* Task input
(* Let $X_f,Y_f,Z_f\subset\mathbb{R}$, $D_f=X_f\times Y_f\times Z_f$, and let $f:D_f\to\mathbb{R}$ be a bounded function. (i) If $\mathrm{F\text{-}rank}[f]=(r_1,r_2,r_3)$ (with $r_1,r_2,r_3$ finite), then there exist a tensor $\mathcal{C}\in\mathbb{R}^{r_1\times r_2\times r_3}$ and bounded functions $f_x:X_f\to\mathbb{R}^{r_1}$, $f_y:Y_f\to\mathbb{R}^{r_2}$, $f_z:Z_f\to\mathbb{R}^{r_3}$ such that for all $(v_1,v_2,v_3)\in D_f$, $f(v_1,v_2,v_3)=\mathcal{C}\times_1 f_x(v_1)\times_2 f_y(v_2)\times_3 f_z(v_3)$. (ii) Conversely, let $\mathcal{C}\in\mathbb{R}^{r_1\times r_2\times r_3}$ be an arbitrary tensor, let $X_g,Y_g,Z_g\subset\mathbb{R}$, and let $g_x:X_g\to\mathbb{R}^{r_1}$, $g_y:Y_g\to\mathbb{R}^{r_2}$, $g_z:Z_g\to\mathbb{R}^{r_3}$ be arbitrary bounded functions. Define $g:X_g\times Y_g\times Z_g\to\mathbb{R}$ by $g(v_1,v_2,v_3)=\mathcal{C}\times_1 g_x(v_1)\times_2 g_y(v_2)\times_3 g_z(v_3)$. Then $(\mathrm{F\text{-}rank}[g])_{(i)}\le r_i$ for $i=1,2,3$.
   Context: For $\mathcal{C}\in\mathbb{R}^{r_1\times r_2\times r_3}$ and vectors $\mathbf{a}\in\mathbb{R}^{r_1},\mathbf{b}\in\mathbb{R}^{r_2},\mathbf{c}\in\mathbb{R}^{r_3}$ (viewed as $1\times r_i$ matrices in the mode-$i$ products $\mathcal{X}\times_i\mathbf{A}:=\mathrm{fold}_i(\mathbf{A}\mathbf{X}^{(i)})$), one has $\mathcal{C}\times_1\mathbf{a}\times_2\mathbf{b}\times_3\mathbf{c}=\sum_{i,j,k}\mathcal{C}_{(i,j,k)}\mathbf{a}_{(i)}\mathbf{b}_{(j)}\mathbf{c}_{(k)}$. For a tensor $\mathcal{T}\in\mathbb{R}^{n_1\times n_2\times n_3}$, $\mathbf{T}^{(i)}$ denotes its mode-$i$ unfolding matrix (columns are the mode-$i$ fibers). For a function $h:X\times Y\times Z\to\mathbb{R}$ with $X,Y,Z\subset\mathbb{R}$, the sampled tensor set is $S[h]=\{\mathcal{T}\in\mathbb{R}^{n_1\times n_2\times n_3}: n_1,n_2,n_3\in\mathbb{N}_+,\ \exists\,\mathbf{x}\in X^{n_1},\mathbf{y}\in Y^{n_2},\mathbf{z}\in Z^{n_3}\text{ with }\mathcal{T}_{(i,j,k)}=h(\mathbf{x}_{(i)},\mathbf{y}_{(j)},\mathbf{z}_{(k)})\ \forall i,j,k\}$, and the function rank is $\mathrm{F\text{-}rank}[h]=(r_1,r_2,r_3)$ with $r_i=\sup_{\mathcal{T}\in S[h]}\mathrm{rank}(\mathbf{T}^{(i)})$; $(\mathrm{F\text{-}rank}[h])_{(i)}$ denotes its $i$-th entry. *)

theory Defs
  imports "Jordan_Normal_Form.DL_Rank" "HOL-Library.Extended_Nat"
begin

* Required action
Repeat all entries. Match them exactly.

* Problem solution
(* Let $X_f,Y_f,Z_f\subset\mathbb{R}$, $D_f=X_f\times Y_f\times Z_f$, and let $f:D_f\to\mathbb{R}$ be a bounded function. (i) If $\mathrm{F\text{-}rank}[f]=(r_1,r_2,r_3)$ (with $r_1,r_2,r_3$ finite), then there exist a tensor $\mathcal{C}\in\mathbb{R}^{r_1\times r_2\times r_3}$ and bounded functions $f_x:X_f\to\mathbb{R}^{r_1}$, $f_y:Y_f\to\mathbb{R}^{r_2}$, $f_z:Z_f\to\mathbb{R}^{r_3}$ such that for all $(v_1,v_2,v_3)\in D_f$, $f(v_1,v_2,v_3)=\mathcal{C}\times_1 f_x(v_1)\times_2 f_y(v_2)\times_3 f_z(v_3)$. (ii) Conversely, let $\mathcal{C}\in\mathbb{R}^{r_1\times r_2\times r_3}$ be an arbitrary tensor, let $X_g,Y_g,Z_g\subset\mathbb{R}$, and let $g_x:X_g\to\mathbb{R}^{r_1}$, $g_y:Y_g\to\mathbb{R}^{r_2}$, $g_z:Z_g\to\mathbb{R}^{r_3}$ be arbitrary bounded functions. Define $g:X_g\times Y_g\times Z_g\to\mathbb{R}$ by $g(v_1,v_2,v_3)=\mathcal{C}\times_1 g_x(v_1)\times_2 g_y(v_2)\times_3 g_z(v_3)$. Then $(\mathrm{F\text{-}rank}[g])_{(i)}\le r_i$ for $i=1,2,3$.
   Context: For $\mathcal{C}\in\mathbb{R}^{r_1\times r_2\times r_3}$ and vectors $\mathbf{a}\in\mathbb{R}^{r_1},\mathbf{b}\in\mathbb{R}^{r_2},\mathbf{c}\in\mathbb{R}^{r_3}$ (viewed as $1\times r_i$ matrices in the mode-$i$ products $\mathcal{X}\times_i\mathbf{A}:=\mathrm{fold}_i(\mathbf{A}\mathbf{X}^{(i)})$), one has $\mathcal{C}\times_1\mathbf{a}\times_2\mathbf{b}\times_3\mathbf{c}=\sum_{i,j,k}\mathcal{C}_{(i,j,k)}\mathbf{a}_{(i)}\mathbf{b}_{(j)}\mathbf{c}_{(k)}$. For a tensor $\mathcal{T}\in\mathbb{R}^{n_1\times n_2\times n_3}$, $\mathbf{T}^{(i)}$ denotes its mode-$i$ unfolding matrix (columns are the mode-$i$ fibers). For a function $h:X\times Y\times Z\to\mathbb{R}$ with $X,Y,Z\subset\mathbb{R}$, the sampled tensor set is $S[h]=\{\mathcal{T}\in\mathbb{R}^{n_1\times n_2\times n_3}: n_1,n_2,n_3\in\mathbb{N}_+,\ \exists\,\mathbf{x}\in X^{n_1},\mathbf{y}\in Y^{n_2},\mathbf{z}\in Z^{n_3}\text{ with }\mathcal{T}_{(i,j,k)}=h(\mathbf{x}_{(i)},\mathbf{y}_{(j)},\mathbf{z}_{(k)})\ \forall i,j,k\}$, and the function rank is $\mathrm{F\text{-}rank}[h]=(r_1,r_2,r_3)$ with $r_i=\sup_{\mathcal{T}\in S[h]}\mathrm{rank}(\mathbf{T}^{(i)})$; $(\mathrm{F\text{-}rank}[h])_{(i)}$ denotes its $i$-th entry. *)

theory Defs
  imports "Jordan_Normal_Form.DL_Rank" "HOL-Library.Extended_Nat"
begin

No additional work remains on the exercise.